**Material for the task**
lemma hderiv_has_real_derivative_on_line:
  assumes cp: "Cp p f" and kp: "k < p" and hk: "h k = u"
  shows "((\<lambda>t. hderiv k f (y + t *\<^sub>R u) h) has_real_derivative hderiv (Suc k) f (y + t *\<^sub>R u) h) (at t)"
proof -
  let ?F = "\<lambda>z. hderiv k f z h"
  let ?D = "frechet_derivative ?F (at (y + t *\<^sub>R u))"
  have dF: "(?F has_derivative ?D) (at (y + t *\<^sub>R u))"
    using Cp_hderiv_differentiable[OF cp kp] frechet_derivative_works by blast
  have lin: "linear ?D" using Cp_hderiv_differentiable[OF cp kp] by (rule linear_frechet_derivative)
  have dp: "((\<lambda>t. y + t *\<^sub>R u) has_derivative (\<lambda>s. s *\<^sub>R u)) (at t)"
    by (auto intro!: derivative_eq_intros)
  have "((?F \<circ> (\<lambda>t. y + t *\<^sub>R u)) has_derivative (?D \<circ> (\<lambda>s. s *\<^sub>R u))) (at t)"
    by (rule diff_chain_at[OF dp dF])
  moreover have "(?D \<circ> (\<lambda>s. s *\<^sub>R u)) = (*) (hderiv (Suc k) f (y + t *\<^sub>R u) h)"
    using hk by (simp add: fun_eq_iff linear_scale[OF lin] mult.commute)
  ultimately show ?thesis
    unfolding has_field_derivative_def by (simp add: comp_def)
qed

section \<open>Taylor expansion\<close>

lemma abs_le_if_abs_deriv_le:
  fixes \<psi> W :: "real \<Rightarrow> real"
  assumes d\<psi>: "\<And>t. (\<psi> has_real_derivative \<psi>' t) (at t)"
    and dW: "\<And>t. (W has_real_derivative W' t) (at t)"
    and le: "\<And>t. 0 \<le> t \<Longrightarrow> t \<le> c \<Longrightarrow> \<bar>\<psi>' t\<bar> \<le> W' t"
    and "0 \<le> c" "\<psi> 0 = 0" "W 0 = 0"
  shows "\<bar>\<psi> c\<bar> \<le> W c"
proof -
  have "(\<lambda>t. W t - \<psi> t) 0 \<le> (\<lambda>t. W t - \<psi> t) c"
  proof (rule DERIV_nonneg_imp_nondecreasing[OF \<open>0 \<le> c\<close>])
    fix t assume "0 \<le> t" "t \<le> c"
    then show "\<exists>y. ((\<lambda>t. W t - \<psi> t) has_real_derivative y) (at t) \<and> 0 \<le> y"
      using DERIV_diff[OF dW d\<psi>] le[of t] by fastforce
  qed
  moreover have "(\<lambda>t. W t + \<psi> t) 0 \<le> (\<lambda>t. W t + \<psi> t) c"
  proof (rule DERIV_nonneg_imp_nondecreasing[OF \<open>0 \<le> c\<close>])
    fix t assume "0 \<le> t" "t \<le> c"
    then show "\<exists>y. ((\<lambda>t. W t + \<psi> t) has_real_derivative y) (at t) \<and> 0 \<le> y"
      using DERIV_add[OF dW d\<psi>] le[of t] by fastforce
  qed
  ultimately show ?thesis using assms(5,6) by simp
qed

lemma has_real_derivative_taylor_term:
  "((\<lambda>t. a * t ^ Suc i / fact (Suc i)) has_real_derivative a * t ^ i / fact i) (at t)"
proof -
  have "((\<lambda>t. a * t ^ Suc i / fact (Suc i)) has_real_derivative
      a * (real (Suc i) * t ^ i) / fact (Suc i)) (at t)"
    using DERIV_pow[of "Suc i" t] by (intro DERIV_cdivide DERIV_cmult) simp
  then show ?thesis by (simp add: fact_Suc del: of_nat_Suc)
qed

text \<open>Induction on the order: the bound for the shifted chain \<open>g (Suc j)\<close> is integrated
  once more at each step.\<close>
lemma taylor_remainder_le_nonneg:
  fixes g :: "nat \<Rightarrow> real \<Rightarrow> real"
  assumes "\<And>j t. j < n \<Longrightarrow> (g j has_real_derivative g (Suc j) t) (at t)"
    and "\<And>t. t \<ge> 0 \<Longrightarrow> \<bar>g n t - g n 0\<bar> \<le> C * t"
    and "c \<ge> 0"
  shows "\<bar>g 0 c - (\<Sum>i\<le>n. g i 0 * c ^ i / fact i)\<bar> \<le> C * c ^ Suc n / fact (Suc n)"
  using assms
proof (induction n arbitrary: g c)
  case 0
  then show ?case by simp
next
  case (Suc n)
  define Q where "Q t = (\<Sum>i\<le>n. g (Suc i) 0 * t ^ Suc i / fact (Suc i))" for t
  define Q' where "Q' t = (\<Sum>i\<le>n. g (Suc i) 0 * t ^ i / fact i)" for t
  have IH: "\<bar>g 1 t - Q' t\<bar> \<le> C * t ^ Suc n / fact (Suc n)" if "t \<ge> 0" for t
    using Suc.IH[of "\<lambda>j. g (Suc j)" t] Suc.prems that by (simp add: Q'_def)
  have dQ: "(Q has_real_derivative Q' t) (at t)" for t
    unfolding Q_def Q'_def by (intro DERIV_sum has_real_derivative_taylor_term)
  have "\<bar>(\<lambda>t. g 0 t - g 0 0 - Q t) c\<bar> \<le> (\<lambda>t. C * t ^ Suc (Suc n) / fact (Suc (Suc n))) c"
  proof (rule abs_le_if_abs_deriv_le[where \<psi>="\<lambda>t. g 0 t - g 0 0 - Q t"
        and W="\<lambda>t. C * t ^ Suc (Suc n) / fact (Suc (Suc n))"])
    show "((\<lambda>t. g 0 t - g 0 0 - Q t) has_real_derivative g 1 t - Q' t) (at t)" for t
      using Suc.prems(1)[of 0 t] dQ[of t] by (auto intro!: derivative_eq_intros)
    show "((\<lambda>t. C * t ^ Suc (Suc n) / fact (Suc (Suc n))) has_real_derivative
        C * t ^ Suc n / fact (Suc n)) (at t)" for t
      by (rule has_real_derivative_taylor_term)
  qed (use IH Suc.prems(3) in \<open>auto simp: Q_def\<close>)
  moreover have "(\<Sum>i\<le>Suc n. g i 0 * c ^ i / fact i) = g 0 0 + Q c"
    unfolding Q_def by (subst sum.atMost_Suc_shift) simp
  ultimately show ?case by simp
qed

lemma taylor_remainder_le:
  fixes g :: "nat \<Rightarrow> real \<Rightarrow> real"
  assumes d: "\<And>j t. j < n \<Longrightarrow> (g j has_real_derivative g (Suc j) t) (at t)"
    and b: "\<And>t. \<bar>g n t - g n 0\<bar> \<le> C * \<bar>t\<bar>"
  shows "\<bar>g 0 c - (\<Sum>i\<le>n. g i 0 * c ^ i / fact i)\<bar> \<le> C * \<bar>c\<bar> ^ Suc n / fact (Suc n)"
proof (cases "c \<ge> 0")
  case True
  have bb: "\<And>t. t \<ge> 0 \<Longrightarrow> \<bar>g n t - g n 0\<bar> \<le> C * t" using b by (metis abs_of_nonneg)
  show ?thesis using taylor_remainder_le_nonneg[OF d bb True] True by simp
next
  case False
  define g' where "g' j t = (-1) ^ j * g j (- t)" for j t
  have d': "(g' j has_real_derivative g' (Suc j) t) (at t)" if "j < n" for j t
  proof -
    have "((\<lambda>t. g j (- t)) has_real_derivative g (Suc j) (- t) * (- 1)) (at t)"
      using DERIV_chain2[OF d[OF that] DERIV_minus[OF DERIV_ident]] by simp
    then show ?thesis unfolding g'_def
      by (auto intro!: derivative_eq_intros)
  qed
  have b': "\<bar>g' n t - g' n 0\<bar> \<le> C * t" if "t \<ge> 0" for t
  proof -
    have "\<bar>g' n t - g' n 0\<bar> = \<bar>g n (- t) - g n 0\<bar>"
      unfolding g'_def by (simp add: right_diff_distrib[symmetric] abs_mult)
    then show ?thesis using b[of "- t"] that by simp
  qed
  have "\<bar>g' 0 (- c) - (\<Sum>i\<le>n. g' i 0 * (- c) ^ i / fact i)\<bar> \<le> C * (- c) ^ Suc n / fact (Suc n)"
    using taylor_remainder_le_nonneg[of n g' C "- c"] d' b' False by simp
  moreover have "g' i 0 * (- c) ^ i = g i 0 * c ^ i" for i
  proof -
    have "(-1::real) ^ i * (- c) ^ i = c ^ i" by (simp flip: power_mult_distrib)
    then show ?thesis by (simp add: g'_def mult.left_commute)
  qed
  moreover have "g' 0 (- c) = g 0 c" by (simp add: g'_def)
  moreover have "\<bar>c\<bar> = - c" using False by simp
  ultimately show ?thesis by simp
qed

lemma gradient_taylor_on_line:
  fixes f :: "'a::euclidean_space \<Rightarrow> real"
  assumes cp: "Cp p f" and p2: "p \<ge> 2"
    and grad: "\<And>x. (f has_derivative (\<lambda>h. gradf x \<bullet> h)) (at x)"
    and Lip: "\<And>x y. pnorm p (\<lambda>h. hderiv p f y h - hderiv p f x h) \<le> Lp * norm (y - x)"
    and u: "norm u = 1" and w: "norm w \<le> 1"
  shows "\<bar>gradf (y + c *\<^sub>R u) \<bullet> w - (\<Sum>i\<le>p-1. hderiv (Suc i) f y (\<lambda>i. if i = 0 then w else u) * c ^ i / fact i)\<bar>
     \<le> Lp * \<bar>c\<bar> ^ p / fact p"
proof -
  define hw where "hw = (\<lambda>i::nat. if i = 0 then w else u)"
  define g where "g j t = hderiv (Suc j) f (y + t *\<^sub>R u) hw" for j t
  have hw1: "\<forall>i<p. norm (hw i) \<le> 1" using u w by (simp add: hw_def)
  have d: "(g j has_real_derivative g (Suc j) t) (at t)" if "j < p - 1" for j t
    unfolding g_def by (rule hderiv_has_real_derivative_on_line[OF cp]) (use that in \<open>auto simp: hw_def\<close>)
  have b: "\<bar>g (p-1) t - g (p-1) 0\<bar> \<le> Lp * \<bar>t\<bar>" for t
  proof -
    have sp: "Suc (p - 1) = p" using p2 by simp
    have n: "norm (y + t *\<^sub>R u - y) = \<bar>t\<bar>" using u by simp
    have "hderiv p f (y + t *\<^sub>R u) hw - hderiv p f y hw \<le> Lp * \<bar>t\<bar>"
      using hderiv_diff_le_pnorm[OF cp hw1, of "y + t *\<^sub>R u" y] Lip[of "y + t *\<^sub>R u" y] n u by simp
    moreover have "hderiv p f y hw - hderiv p f (y + t *\<^sub>R u) hw \<le> Lp * \<bar>t\<bar>"
      using hderiv_diff_le_pnorm[OF cp hw1, of y "y + t *\<^sub>R u"] Lip[of y "y + t *\<^sub>R u"] n u
      by (simp add: norm_minus_commute)
    ultimately show ?thesis unfolding g_def sp by simp
  qed
  have g0: "g 0 t = gradf (y + t *\<^sub>R u) \<bullet> w" for t
  proof -
    have "(\<lambda>h. gradf (y + t *\<^sub>R u) \<bullet> h) = frechet_derivative f (at (y + t *\<^sub>R u))"
      by (rule frechet_derivative_at[OF grad])
    then show ?thesis unfolding g_def hw_def by (simp add: fun_eq_iff)
  qed
  have "\<bar>g 0 c - (\<Sum>i\<le>p-1. g i 0 * c ^ i / fact i)\<bar> \<le> Lp * \<bar>c\<bar> ^ Suc (p-1) / fact (Suc (p-1))"
    by (rule taylor_remainder_le[OF d b])
  moreover have "Suc (p - 1) = p" using p2 by simp
  ultimately show ?thesis unfolding g0 by (simp add: g_def hw_def)
qed

section \<open>Extrapolation\<close>

lemma norm_le_if_inner_le:
  fixes v :: "'a::real_inner"
  assumes "\<And>w. norm w \<le> 1 \<Longrightarrow> v \<bullet> w \<le> B"
  shows "norm v \<le> B"
proof (cases "v = 0")
  case False
  have "v \<bullet> (v /\<^sub>R norm v) = norm v"
    using False by (simp add: power2_norm_eq_inner[symmetric] power2_eq_square)
  then show ?thesis using assms(1)[of "v /\<^sub>R norm v"] False by simp
qed (use assms[of 0] in simp)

**The task**
Among the lines above, find those holding "fixes" and copy each one.

**Exercise result**
  fixes \<psi> W :: "real \<Rightarrow> real"
  fixes g :: "nat \<Rightarrow> real \<Rightarrow> real"
  fixes g :: "nat \<Rightarrow> real \<Rightarrow> real"
  fixes f :: "'a::euclidean_space \<Rightarrow> real"
  fixes v :: "'a::real_inner"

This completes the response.